┌─ MATERIAL SUPPLIED
(* Given a set of $n_0$ points in $\mathbb{R}^1$, one can maintain a unimax coloring of the current point set with respect to intervals under deletions, using $\lceil\log n_0\rceil$ colors and at the cost of one recoloring per deletion.
   Context: A coloring of a finite point set $P\subset\mathbb{R}$ by integers is unimax with respect to intervals if for every interval $I$ containing at least one point of $P$, the maximum color among the points of $P\cap I$ is attained by exactly one point. A recoloring is a change of color of one remaining point. *)

theory Defs
  imports Complex_Main
begin

definition real_interval :: "real set \<Rightarrow> bool" where
  "real_interval I \<longleftrightarrow> (\<forall>x\<in>I. \<forall>z\<in>I. \<forall>y. x \<le> y \<and> y \<le> z \<longrightarrow> y \<in> I)"

definition unimax_intervals :: "real set \<Rightarrow> (real \<Rightarrow> int) \<Rightarrow> bool" where
  "unimax_intervals P c \<longleftrightarrow>
     (\<forall>I. real_interval I \<and> P \<inter> I \<noteq> {} \<longrightarrow>
        card {p \<in> P \<inter> I. c p = Max (c ` (P \<inter> I))} = 1)"

end

theory Submission
  imports Defs
begin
└─
### PROBLEM TO SOLVE:
Transcribe only the trailing portion of the entries above: the line that contains "P c \<longleftrightarrow>" and each line after it.

### WRITTEN RESPONSE:
  "unimax_intervals P c \<longleftrightarrow>
     (\<forall>I. real_interval I \<and> P \<inter> I \<noteq> {} \<longrightarrow>
        card {p \<in> P \<inter> I. c p = Max (c ` (P \<inter> I))} = 1)"

end

theory Submission
  imports Defs
begin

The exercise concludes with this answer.